Sample the energy flux distribution
sample_energy_flux( [lo, hi], [id=1, num=1, correlated=False] )
The sample_energy_flux command returns one or more samples of the energy flux distribution, which is the flux distribution for the model component accounting for the errors on the model parameters.
The plot_energy_flux() command can be used to plot up this distribution.
- lo - lower photon bound; the default value of None means that the lower limit if the instrument model (ARF and RMF) should be used.
- hi - upper photon bound; the default value of None means that the upper limit if the instrument model (ARF and RMF) should be used.
- id - the id of the dataset to use; if not given, uses the default dataset id (id=1 by default, see "ahelp get_default_id")
- num - number of samples used in the distribution (the default value is 1)
- correlated - whether to use a multi- or uni-variate distribution to sample the parameter values. The default value of False means use a uni-variate distribution, whilst True means use a multi-variate distribution.
The return value
The return value is a two-dimensional array.
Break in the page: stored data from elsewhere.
lemma ws_spec_wmap_smap: "ws_spec wmap smap"
proof -
  define P where "P p \<longleftrightarrow> ws_spec (fst p) (snd p)
    \<and> (\<forall>u. u \<notin> words3 \<longrightarrow> fst p u = [] \<and> snd p u = [0,0,0])" for p
  define W where "W u = (if u \<in> words3 then fst (carry_run u) else [])" for u
  define S where "S u = (if u \<in> words3 then sdigits (fst (snd (carry_run u))) else [0,0,0])" for u
  have "P (W, S)"
    using ws_spec_carry_run by (auto simp: P_def W_def S_def ws_spec_def words3_snoc)
  moreover have "p = (W, S)" if "P p" for p
  proof -
    have "fst p u = W u \<and> snd p u = S u" for u
      using that \<open>P (W, S)\<close> ws_spec_unique[of "fst p" "snd p" W S u]
      by (cases "u \<in> words3") (auto simp: P_def W_def S_def)
    then show ?thesis
      by (simp add: prod_eq_iff fun_eq_iff)
  qed
  ultimately have "P WS"
    unfolding WS_def P_def[symmetric] by (rule theI)
  then show ?thesis
    by (simp add: P_def wmap_def smap_def)
qed

lemma lam_snoc:
  assumes "u \<in> words3" "a \<in> {0,1,2}"
  shows "wmap (u @ [a]) = wmap u @ [lam (u @ [a])]"
    and "5 * lam (u @ [a]) + valF (smap (u @ [a])) + valF_shift 4 (wmap u) = a + valF_shift 1 u"
proof -
  obtain l where "wmap (u @ [a]) = wmap u @ [l]"
    "5 * l + valF (smap (u @ [a])) + valF_shift 4 (wmap u) = a + valF_shift 1 u"
    using ws_spec_snoc[OF ws_spec_wmap_smap assms] .
  then show "wmap (u @ [a]) = wmap u @ [lam (u @ [a])]"
    and "5 * lam (u @ [a]) + valF (smap (u @ [a])) + valF_shift 4 (wmap u) = a + valF_shift 1 u"
    by (simp_all add: lam_def)
qed

lemma theta_eq_carry:
  assumes "u \<in> words3"
  shows "theta u = int (valF_shift 1 u) - int (valF_shift 4 (wmap u))"
proof (cases u rule: rev_exhaust)
  case Nil
  then show ?thesis
    using ws_spec_Nil[OF ws_spec_wmap_smap] by (simp add: theta_def)
next
  case (snoc u' a)
  then have u: "u' \<in> words3" and a: "a \<in> {0,1,2}"
    using assms by (simp_all add: words3_snoc)
  note W = lam_snoc(1)[OF u a] and digits = lam_snoc(2)[OF u a]
  have "valF_shift 0 u' = valF_shift 3 (wmap u') + valF (smap u')"
    using ws_spec_valF[OF ws_spec_wmap_smap u] by (simp add: valF_eq_valF_shift)
  then show ?thesis
    using digits valF_shift_Suc_Suc[of 0 u'] valF_shift_Suc_Suc[of 3 "wmap u'"]
    by (simp add: theta_def snoc W valF_shift_snoc fibF_numerals eval_nat_numeral)
qed

lemma lam_smap_snoc_eq_theta:
  assumes "u \<in> words3" "a \<in> {0,1,2}"
  shows "int (5 * lam (u @ [a]) + valF (smap (u @ [a]))) = theta u + int a"
  using lam_snoc(2)[OF assms] theta_eq_carry[OF assms(1)] by linarith

theorem lemma5p6:
  assumes "u \<in> words3" and "v \<in> words3"
    and "theta u \<in> {0..7}" and "theta v \<in> {0..7}"
    and "theta u = theta v"
  shows "\<forall>a\<in>{0,1,2::nat}. lam (u @ [a]) = lam (v @ [a]) \<and> smap (u @ [a]) = smap (v @ [a])"
proof
  fix a :: nat assume a: "a \<in> {0,1,2}"
  have smap_Sset: "smap (u @ [a]) \<in> Sset" "smap (v @ [a]) \<in> Sset"
    using ws_spec_wmap_smap assms(1,2) a by (auto simp: ws_spec_def words3_snoc)
  have "5 * lam (u @ [a]) + valF (smap (u @ [a])) = 5 * lam (v @ [a]) + valF (smap (v @ [a]))"
    using lam_smap_snoc_eq_theta[OF assms(1) a] lam_smap_snoc_eq_theta[OF assms(2) a] assms(5) by linarith
  then show "lam (u @ [a]) = lam (v @ [a]) \<and> smap (u @ [a]) = smap (v @ [a])"
    by (rule Sset_digit_unique[OF smap_Sset])
qed

end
The number of rows in the array matches the number of samples used (so the value of the num argument). The first column is the flux value; the remaining columns give the parameter values used to calculate the flux value (the order is that of the parnames field of the get_fit_results() output).
The units for the flux values are the same as that returned by the calc_energy_flux() command.
sherpa> a = sample_energy_flux() sherpa> print (a)
Obtain and print one sample of the energy flux distribution from the default model, over the whole energy interval.
sherpa> a = sample_energy_flux(0.5, 7.0)
Obtain one sample of the energy flux distribution from the default model, between 0.5 and 7.0 keV.
sherpa> a = sample_energy_flux(id="src", num=100) sherpa> f = a[:,0]
Obtain 100 samples of the energy flux distribution from the "src" model. The flux values are extracted as the one-dimensional array f.
See the bugs pages on the Sherpa website for an up-to-date listing of known bugs.